- [EXERCISE PROMPT]
Begin at the line below that has "edge set E, a" and stop after the line that has "E \<longleftrightarrow> E". Please restate only those lines, word for word.

(Saved data entries)

◇ ◇ ◇ ◇ ◇ ◇ ◇

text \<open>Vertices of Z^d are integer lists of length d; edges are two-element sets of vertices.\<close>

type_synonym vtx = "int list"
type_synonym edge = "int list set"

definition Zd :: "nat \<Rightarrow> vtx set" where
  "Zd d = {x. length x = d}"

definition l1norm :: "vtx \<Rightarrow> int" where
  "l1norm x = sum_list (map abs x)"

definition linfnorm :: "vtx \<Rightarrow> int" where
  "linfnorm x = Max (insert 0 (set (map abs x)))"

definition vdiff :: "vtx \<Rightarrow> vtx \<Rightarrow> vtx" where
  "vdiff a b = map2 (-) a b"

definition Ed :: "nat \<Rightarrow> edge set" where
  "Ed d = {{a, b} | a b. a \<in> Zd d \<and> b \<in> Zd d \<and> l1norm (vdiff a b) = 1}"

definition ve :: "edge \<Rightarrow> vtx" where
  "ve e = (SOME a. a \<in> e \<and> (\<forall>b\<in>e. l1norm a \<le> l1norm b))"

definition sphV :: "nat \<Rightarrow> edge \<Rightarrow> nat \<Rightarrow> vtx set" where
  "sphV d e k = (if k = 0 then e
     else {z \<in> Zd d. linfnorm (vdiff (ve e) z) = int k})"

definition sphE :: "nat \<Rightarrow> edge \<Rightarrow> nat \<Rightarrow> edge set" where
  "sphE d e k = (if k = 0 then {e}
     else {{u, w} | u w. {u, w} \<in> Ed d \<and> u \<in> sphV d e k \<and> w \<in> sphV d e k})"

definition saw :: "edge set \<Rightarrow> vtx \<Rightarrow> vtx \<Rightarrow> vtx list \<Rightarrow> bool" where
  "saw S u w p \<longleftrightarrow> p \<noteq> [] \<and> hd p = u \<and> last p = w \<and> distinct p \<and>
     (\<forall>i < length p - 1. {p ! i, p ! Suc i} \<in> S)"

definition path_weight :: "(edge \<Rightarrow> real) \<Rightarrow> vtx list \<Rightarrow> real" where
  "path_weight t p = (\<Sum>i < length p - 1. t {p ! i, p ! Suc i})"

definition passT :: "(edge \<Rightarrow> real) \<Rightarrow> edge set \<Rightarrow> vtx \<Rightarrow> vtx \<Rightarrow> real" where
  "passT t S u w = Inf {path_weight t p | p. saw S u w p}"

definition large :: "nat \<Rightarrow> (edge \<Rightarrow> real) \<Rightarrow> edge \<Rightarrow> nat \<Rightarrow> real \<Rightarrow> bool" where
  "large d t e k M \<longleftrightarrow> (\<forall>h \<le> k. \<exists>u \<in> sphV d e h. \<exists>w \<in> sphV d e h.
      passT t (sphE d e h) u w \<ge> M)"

◇ ◇ ◇ ◇ ◇ ◇ ◇

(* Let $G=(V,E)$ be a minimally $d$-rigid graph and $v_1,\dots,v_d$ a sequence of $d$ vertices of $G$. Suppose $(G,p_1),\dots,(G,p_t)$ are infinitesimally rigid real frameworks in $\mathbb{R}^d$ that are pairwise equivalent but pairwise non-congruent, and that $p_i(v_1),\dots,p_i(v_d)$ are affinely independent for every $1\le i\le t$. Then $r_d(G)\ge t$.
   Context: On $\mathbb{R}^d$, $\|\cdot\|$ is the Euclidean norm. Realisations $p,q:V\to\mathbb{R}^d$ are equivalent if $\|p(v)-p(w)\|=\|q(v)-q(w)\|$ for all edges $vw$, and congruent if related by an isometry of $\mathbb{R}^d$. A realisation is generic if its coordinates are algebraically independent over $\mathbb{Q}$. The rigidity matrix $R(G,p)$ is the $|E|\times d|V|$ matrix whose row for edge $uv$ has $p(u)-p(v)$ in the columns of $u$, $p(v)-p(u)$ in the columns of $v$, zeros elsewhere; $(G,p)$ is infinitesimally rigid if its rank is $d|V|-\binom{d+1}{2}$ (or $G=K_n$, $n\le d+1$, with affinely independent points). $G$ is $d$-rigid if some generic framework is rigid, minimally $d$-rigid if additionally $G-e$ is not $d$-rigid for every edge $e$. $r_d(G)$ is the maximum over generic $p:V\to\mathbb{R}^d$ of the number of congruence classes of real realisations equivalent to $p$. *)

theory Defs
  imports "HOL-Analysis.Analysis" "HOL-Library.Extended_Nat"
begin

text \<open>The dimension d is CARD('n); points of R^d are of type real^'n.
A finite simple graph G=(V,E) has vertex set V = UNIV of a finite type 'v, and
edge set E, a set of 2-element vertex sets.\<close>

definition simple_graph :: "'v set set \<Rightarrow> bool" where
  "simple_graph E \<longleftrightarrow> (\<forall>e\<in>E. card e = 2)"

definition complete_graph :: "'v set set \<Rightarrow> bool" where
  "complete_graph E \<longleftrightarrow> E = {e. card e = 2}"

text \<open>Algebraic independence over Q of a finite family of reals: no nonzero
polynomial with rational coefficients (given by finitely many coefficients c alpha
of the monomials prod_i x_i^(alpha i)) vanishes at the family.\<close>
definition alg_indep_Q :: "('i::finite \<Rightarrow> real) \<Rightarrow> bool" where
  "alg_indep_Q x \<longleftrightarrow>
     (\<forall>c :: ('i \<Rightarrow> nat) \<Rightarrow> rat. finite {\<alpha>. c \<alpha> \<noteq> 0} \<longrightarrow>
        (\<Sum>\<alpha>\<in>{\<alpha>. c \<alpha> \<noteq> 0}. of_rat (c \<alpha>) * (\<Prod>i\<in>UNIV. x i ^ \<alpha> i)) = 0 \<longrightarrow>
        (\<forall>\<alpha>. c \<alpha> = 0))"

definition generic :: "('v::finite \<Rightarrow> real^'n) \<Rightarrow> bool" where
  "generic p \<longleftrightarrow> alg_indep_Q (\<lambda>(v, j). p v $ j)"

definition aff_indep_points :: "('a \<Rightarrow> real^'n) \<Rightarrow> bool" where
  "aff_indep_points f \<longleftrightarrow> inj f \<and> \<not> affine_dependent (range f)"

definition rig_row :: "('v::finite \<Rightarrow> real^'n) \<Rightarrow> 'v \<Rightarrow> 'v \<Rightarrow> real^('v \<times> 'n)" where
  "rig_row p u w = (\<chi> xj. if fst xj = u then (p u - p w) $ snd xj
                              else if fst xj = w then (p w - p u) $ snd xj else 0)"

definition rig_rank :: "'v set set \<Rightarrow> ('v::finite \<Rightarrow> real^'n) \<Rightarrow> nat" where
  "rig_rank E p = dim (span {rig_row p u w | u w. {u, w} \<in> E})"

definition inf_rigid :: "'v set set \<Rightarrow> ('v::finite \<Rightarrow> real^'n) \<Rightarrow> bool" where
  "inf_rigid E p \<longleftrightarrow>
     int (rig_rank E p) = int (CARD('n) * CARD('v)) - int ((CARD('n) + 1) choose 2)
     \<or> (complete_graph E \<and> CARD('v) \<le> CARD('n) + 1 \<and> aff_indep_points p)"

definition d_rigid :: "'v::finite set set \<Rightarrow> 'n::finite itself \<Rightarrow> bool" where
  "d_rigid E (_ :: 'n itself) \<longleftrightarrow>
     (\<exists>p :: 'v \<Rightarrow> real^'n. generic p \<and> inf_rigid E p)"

◇ ◇ ◇ ◇ ◇ ◇ ◇

- [EXPECTED OUTPUT]
edge set E, a set of 2-element vertex sets.\<close>

definition simple_graph :: "'v set set \<Rightarrow> bool" where
  "simple_graph E \<longleftrightarrow> (\<forall>e\<in>E. card e = 2)"

definition complete_graph :: "'v set set \<Rightarrow> bool" where
  "complete_graph E \<longleftrightarrow> E = {e. card e = 2}"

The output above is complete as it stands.